Heading into the heavily traveled Thanksgiving weekend, some drivers are getting a bit of relief compared with last year.

Average prices are down significantly year-over-year in Colorado (by 24 cents), Wyoming (19 cents), Hawaii (12 cents), Wisconsin (12 cents), Maryland (9 cents) and North Dakota (9 cents), according to AAA.

But other states are seeing the opposite. Average prices have climbed in Oregon (up 27 cents), Alaska (26 cents), Washington (20 cents), California (16 cents), Idaho (16 cents), Arizona (14 cents), Michigan (9 cents) and Nevada (9 cents).

None of this means gas is broadly expensive under Trump — it isn’t.

GasBuddy estimates the national average price for Thanksgiving will be about $3.02 a gallon, tied for the lowest Thanksgiving level since the pandemic crash in 2020. But the year it’s tied with is 2024, which makes it a weak basis for bragging about superior performance.

“We’re basically in the same neighborhood as last year. It’s virtually the same price,” said Patrick De Haan, head of petroleum analysis at GasBuddy. “Policy hasn’t really done anything.”

When adjusted for inflation, however, Thanksgiving gas prices haven’t been this cheap — outside of the Covid shock — since 2016, according to GasBuddy.

“People don’t feel as bad about filling up their tank because they are making more money,” De Haan said.

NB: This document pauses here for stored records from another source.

(* Let $s\in\{0,\tfrac12\}$, $\lambda\in\mathbb{C}$ and $\sigma\in\mathrm{Aut}(\mathfrak{L}^s_\lambda)$. Then $\sigma(H_p)\in\mathbf{H}:=\mathrm{span}_{\mathbb{C}}\{H_q:q\in s+\mathbb{Z}\}$ for every $p\in s+\mathbb{Z}$.
   Context: For $s\in\{0,\tfrac12\}$ and $\lambda\in\mathbb{C}$, $\mathfrak{L}^s_\lambda$ is the complex Lie superalgebra with basis $\{L_m,I_m,G_p,H_p : m\in\mathbb{Z},\ p\in s+\mathbb{Z}\}$, even part spanned by the $L_m,I_m$, odd part spanned by the $G_p,H_p$, with brackets $[L_m,L_n]=(m-n)L_{m+n}$, $[L_m,I_n]=(m-n)I_{m+n}$, $[L_m,H_p]=(\tfrac m2-p)H_{m+p}$, $[L_m,G_p]=(\tfrac m2-p)G_{m+p}+\lambda(m+1)H_{m+p}$, $[I_m,G_p]=(m-2p)H_{m+p}$, $[G_p,G_q]=I_{p+q}$, plus super-antisymmetry; all other brackets of basis elements are zero. $\mathrm{Aut}(\mathfrak{L})$ is the group of bijective parity-preserving linear maps $\sigma$ with $\sigma([x,y])=[\sigma(x),\sigma(y)]$. *)

theory Defs
  imports Complex_Main
begin

text \<open>The parameter s is encoded by a boolean
  half (s = 1/2 iff half).  L m and I m stand for L_m, I_m (m integer); G k and H k stand
  for G_p, H_p with p = k + s (k integer).\<close>

datatype basis = L int | I int | G int | H int

definition sval :: "bool \<Rightarrow> complex" where
  "sval half = (if half then 1/2 else 0)"

definition pidx :: "bool \<Rightarrow> int \<Rightarrow> complex" where
  "pidx half k = of_int k + sval half"

definition ev :: "basis \<Rightarrow> basis \<Rightarrow> complex" where
  "ev a = (\<lambda>b. if b = a then 1 else 0)"

definition Lvec :: "(basis \<Rightarrow> complex) set" where
  "Lvec = {x. finite {a. x a \<noteq> 0}}"

fun is_even :: "basis \<Rightarrow> bool" where
  "is_even (L _) = True" | "is_even (I _) = True" | "is_even (G _) = False" | "is_even (H _) = False"

definition even_part :: "(basis \<Rightarrow> complex) set" where
  "even_part = {x \<in> Lvec. \<forall>a. x a \<noteq> 0 \<longrightarrow> is_even a}"

definition odd_part :: "(basis \<Rightarrow> complex) set" where
  "odd_part = {x \<in> Lvec. \<forall>a. x a \<noteq> 0 \<longrightarrow> \<not> is_even a}"

text \<open>Bracket of basis elements (all brackets, including those obtained by super-antisymmetry).\<close>
fun brb :: "bool \<Rightarrow> complex \<Rightarrow> basis \<Rightarrow> basis \<Rightarrow> basis \<Rightarrow> complex" where
  "brb half lam (L m) (L n) = (\<lambda>c. of_int (m - n) * ev (L (m + n)) c)"
| "brb half lam (L m) (I n) = (\<lambda>c. of_int (m - n) * ev (I (m + n)) c)"
| "brb half lam (I n) (L m) = (\<lambda>c. - of_int (m - n) * ev (I (m + n)) c)"
| "brb half lam (L m) (H k) = (\<lambda>c. (of_int m / 2 - pidx half k) * ev (H (m + k)) c)"
| "brb half lam (H k) (L m) = (\<lambda>c. - (of_int m / 2 - pidx half k) * ev (H (m + k)) c)"
| "brb half lam (L m) (G k) = (\<lambda>c. (of_int m / 2 - pidx half k) * ev (G (m + k)) c
                                    + lam * of_int (m + 1) * ev (H (m + k)) c)"
| "brb half lam (G k) (L m) = (\<lambda>c. - ((of_int m / 2 - pidx half k) * ev (G (m + k)) c
                                    + lam * of_int (m + 1) * ev (H (m + k)) c))"
| "brb half lam (I m) (G k) = (\<lambda>c. (of_int m - 2 * pidx half k) * ev (H (m + k)) c)"
| "brb half lam (G k) (I m) = (\<lambda>c. - (of_int m - 2 * pidx half k) * ev (H (m + k)) c)"
| "brb half lam (G k) (G l) = ev (I (k + l + (if half then 1 else 0)))"
| "brb half lam _ _ = (\<lambda>c. 0)"

definition br :: "bool \<Rightarrow> complex \<Rightarrow> (basis \<Rightarrow> complex) \<Rightarrow> (basis \<Rightarrow> complex) \<Rightarrow> basis \<Rightarrow> complex" where
  "br half lam x y = (\<lambda>c. \<Sum>a\<in>{a. x a \<noteq> 0}. \<Sum>b\<in>{b. y b \<noteq> 0}. x a * y b * brb half lam a b c)"

definition is_aut :: "bool \<Rightarrow> complex \<Rightarrow> ((basis \<Rightarrow> complex) \<Rightarrow> (basis \<Rightarrow> complex)) \<Rightarrow> bool" where
  "is_aut half lam \<sigma> \<longleftrightarrow>
     bij_betw \<sigma> Lvec Lvec
   \<and> (\<forall>x\<in>Lvec. \<forall>y\<in>Lvec. \<sigma> (\<lambda>b. x b + y b) = (\<lambda>b. \<sigma> x b + \<sigma> y b))
   \<and> (\<forall>c. \<forall>x\<in>Lvec. \<sigma> (\<lambda>b. c * x b) = (\<lambda>b. c * \<sigma> x b))
   \<and> \<sigma> ` even_part \<subseteq> even_part
   \<and> \<sigma> ` odd_part \<subseteq> odd_part
   \<and> (\<forall>x\<in>Lvec. \<forall>y\<in>Lvec. \<sigma> (br half lam x y) = br half lam (\<sigma> x) (\<sigma> y))"

definition Hspan :: "(basis \<Rightarrow> complex) set" where
  "Hspan = {x. \<exists>F c. finite F \<and> x = (\<lambda>b. \<Sum>k\<in>F. c k * ev (H k) b)}"

end

theory Submission
  imports Defs
begin

text \<open>Let \<open>x = \<sigma>(H_k)\<close>; it is odd, so it suffices to show that its \<open>G\<close>-coefficients vanish.
  Write \<open>G_0 = \<sigma>(z)\<close>. Brackets with \<open>H_k\<close> are combinations of \<open>H\<close>'s, hence odd, so
  \<open>[x, G_0] = \<sigma>([H_k, z])\<close> is odd as well. But the coefficient of \<open>I_p\<close> in
  \<open>[x, G_0]\<close> is the coefficient of \<open>G_p\<close> in \<open>x\<close>, since \<open>[G_p, G_0] = I_p\<close> is the only
  bracket with \<open>G_0\<close> that produces an \<open>I\<close>.\<close>

fun basis_index :: "basis \<Rightarrow> int" where
  "basis_index (L m) = m" | "basis_index (I m) = m"
| "basis_index (G m) = m" | "basis_index (H m) = m"

lemma ev_Lvec: "ev a \<in> Lvec"
  by (simp add: Lvec_def ev_def)

lemma support_ev: "{b. ev a b \<noteq> 0} = {a}"
  by (auto simp: ev_def)

lemma ev_H_odd_part: "ev (H k) \<in> odd_part"
  using ev_Lvec[of "H k"] by (simp add: odd_part_def ev_def)

lemma brb_support:
  assumes "brb half lam a b c \<noteq> 0"
  defines "n \<equiv> basis_index a + basis_index b"
  shows "c \<in> {L n, I n, I (n + 1), G n, H n}"
  using assms by (cases a; cases b) (auto simp: ev_def ac_simps split: if_splits)

lemma br_nonzero_obtains_brb:
  assumes "br half lam x y c \<noteq> 0"
  obtains a b where "x a \<noteq> 0" "y b \<noteq> 0" "brb half lam a b c \<noteq> 0"
proof -
  have "(\<Sum>a\<in>{a. x a \<noteq> 0}. \<Sum>b\<in>{b. y b \<noteq> 0}. x a * y b * brb half lam a b c) \<noteq> 0"
    using assms by (simp add: br_def)
  then obtain a where a: "a \<in> {a. x a \<noteq> 0}"
    "(\<Sum>b\<in>{b. y b \<noteq> 0}. x a * y b * brb half lam a b c) \<noteq> 0"
    by (meson sum.neutral)
  then obtain b where "b \<in> {b. y b \<noteq> 0}" "x a * y b * brb half lam a b c \<noteq> 0"
    by (meson sum.neutral)
  with a show thesis using that by simp
qed

lemma br_Lvec:
  assumes "x \<in> Lvec" "y \<in> Lvec"
  shows "br half lam x y \<in> Lvec"
proof -
  let ?Sx = "{a. x a \<noteq> 0}" and ?Sy = "{b. y b \<noteq> 0}"
  let ?targets = "\<lambda>n. {L n, I n, I (n + 1), G n, H n}"
  have "{c. br half lam x y c \<noteq> 0}
          \<subseteq> (\<Union>a\<in>?Sx. \<Union>b\<in>?Sy. ?targets (basis_index a + basis_index b))"
    by (auto elim!: br_nonzero_obtains_brb dest!: brb_support)
  moreover have "finite ?Sx" "finite ?Sy"
    using assms by (auto simp: Lvec_def)
  ultimately show ?thesis
    unfolding Lvec_def by (auto intro: finite_subset)
qed

lemma br_H_odd_part:
  assumes "z \<in> Lvec"
  shows "br half lam (ev (H k)) z \<in> odd_part"
proof -
  have "\<not> is_even c" if "br half lam (ev (H k)) z c \<noteq> 0" for c
  proof -
    from that obtain a b where "ev (H k) a \<noteq> 0" "brb half lam a b c \<noteq> 0"
      by (rule br_nonzero_obtains_brb)
    then have "brb half lam (H k) b c \<noteq> 0"
      by (simp add: ev_def split: if_splits)
    then show ?thesis
      by (cases b; cases c) (auto simp: ev_def split: if_splits)
  qed
  with br_Lvec[OF ev_Lvec assms] show ?thesis
    by (simp add: odd_part_def)
qed

lemma br_G0_coeff_I:
  assumes "x \<in> Lvec"
  shows "br half lam x (ev (G 0)) (I j) = x (G (j - (if half then 1 else 0)))"
proof -
  let ?p = "G (j - (if half then 1 else 0))"
  have "br half lam x (ev (G 0)) (I j) = (\<Sum>a\<in>{a. x a \<noteq> 0}. x a * brb half lam a (G 0) (I j))"
    unfolding br_def support_ev by (simp add: ev_def)
  also have "\<dots> = (\<Sum>a\<in>{a. x a \<noteq> 0}. if a = ?p then x a else 0)"
  proof (rule sum.cong[OF refl])
    fix a
    show "x a * brb half lam a (G 0) (I j) = (if a = ?p then x a else 0)"
      by (cases a) (auto simp: ev_def)
  qed
  also have "\<dots> = x ?p"
    using assms by (simp add: Lvec_def sum.delta)
  finally show ?thesis .
qed

lemma G_coeff_zero_if_br_G0_odd:
  assumes "x \<in> Lvec" "br half lam x (ev (G 0)) \<in> odd_part"
  shows "x (G p) = 0"
proof -
  have "br half lam x (ev (G 0)) (I (p + (if half then 1 else 0))) = 0"
    using assms(2) by (auto simp: odd_part_def)
  then show ?thesis
    using br_G0_coeff_I[OF assms(1)] by simp
qed

lemma odd_part_Hspan:
  assumes odd: "x \<in> odd_part" and no_G: "\<And>p. x (G p) = 0"
  shows "x \<in> Hspan"
proof -
  define F where "F = {j. x (H j) \<noteq> 0}"
  have "finite {a. x a \<noteq> 0}"
    using odd by (simp add: odd_part_def Lvec_def)
  then have "finite F"
    using finite_vimageI[of "{a. x a \<noteq> 0}" H] unfolding F_def vimage_def by (simp add: inj_def)
  have even_zero: "x b = 0" if "is_even b" for b
    using odd that by (auto simp: odd_part_def)
  have "x = (\<lambda>b. \<Sum>j\<in>F. x (H j) * ev (H j) b)"
  proof
    fix b
    show "x b = (\<Sum>j\<in>F. x (H j) * ev (H j) b)"
    proof (cases b)
      case (H m)
      have "(\<Sum>j\<in>F. x (H j) * ev (H j) b) = (\<Sum>j\<in>F. if j = m then x (H j) else 0)"
        by (rule sum.cong) (auto simp: ev_def H)
      also have "\<dots> = x b"
        using \<open>finite F\<close> by (simp add: H F_def)
      finally show ?thesis by simp
    qed (simp_all add: ev_def no_G even_zero)
  qed
  with \<open>finite F\<close> show ?thesis
    unfolding Hspan_def by (intro CollectI exI[of _ F] exI[of _ "\<lambda>j. x (H j)"]) simp
qed

theorem lemma3p3:
  fixes half :: bool and lam :: complex
    and \<sigma> :: "(basis \<Rightarrow> complex) \<Rightarrow> (basis \<Rightarrow> complex)"
  assumes "is_aut half lam \<sigma>"
  shows "\<forall>k::int. \<sigma> (ev (H k)) \<in> Hspan"
proof
  fix k :: int
  have bij: "bij_betw \<sigma> Lvec Lvec"
    and odd: "\<And>v. v \<in> odd_part \<Longrightarrow> \<sigma> v \<in> odd_part"
    and hom: "\<And>u v. u \<in> Lvec \<Longrightarrow> v \<in> Lvec \<Longrightarrow> \<sigma> (br half lam u v) = br half lam (\<sigma> u) (\<sigma> v)"
    using assms unfolding is_aut_def by blast+
  let ?x = "\<sigma> (ev (H k))"
  have x_odd: "?x \<in> odd_part"
    by (rule odd[OF ev_H_odd_part])
  have "ev (G 0) \<in> \<sigma> ` Lvec"
    using bij ev_Lvec[of "G 0"] by (simp add: bij_betw_def)
  then obtain z where z: "z \<in> Lvec" "\<sigma> z = ev (G 0)"
    by auto
  have "br half lam ?x (ev (G 0)) = \<sigma> (br half lam (ev (H k)) z)"
    using hom[OF ev_Lvec z(1)] z(2) by simp
  also have "\<dots> \<in> odd_part"
    by (rule odd[OF br_H_odd_part[OF z(1)]])
  finally have "\<And>p. ?x (G p) = 0"
    using x_odd by (intro G_coeff_zero_if_br_G0_odd) (auto simp: odd_part_def)
  with x_odd show "?x \<in> Hspan"
    by (rule odd_part_Hspan)
qed

end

Wall Street expects cheaper oil ahead

Some Wall Street analysts think even lower prices could be coming in 2026.

Global oil supply is projected to grow faster than demand next year.

Unless OPEC moves to constrain output, Brent crude prices will likely fall into the low $50s per barrel by the fourth quarter of next year and finish 2026 in the $40s, commodity strategists at JPMorgan Chase wrote in a research report published Monday.

JPMorgan warned that the “outlook worsens” in 2027, with a growing glut pushing Brent crude to an average of just $42 a barrel and dragging prices into the $30s by year-end.

The expected oversupply is so large that JPMorgan says producers will “almost certainly” have to respond by cutting production.

Tom Kloza, a longtime oil-market analyst now at Gulf Oil, also sees a favorable backdrop for drivers next year.

“It’s an easy road in 2026. Everything points to a surplus of crude,” Kloza said. “There are a lot of things Trump faces challenges on. This is not one of them. It may not be a lay-up, but it’s probably a free throw.”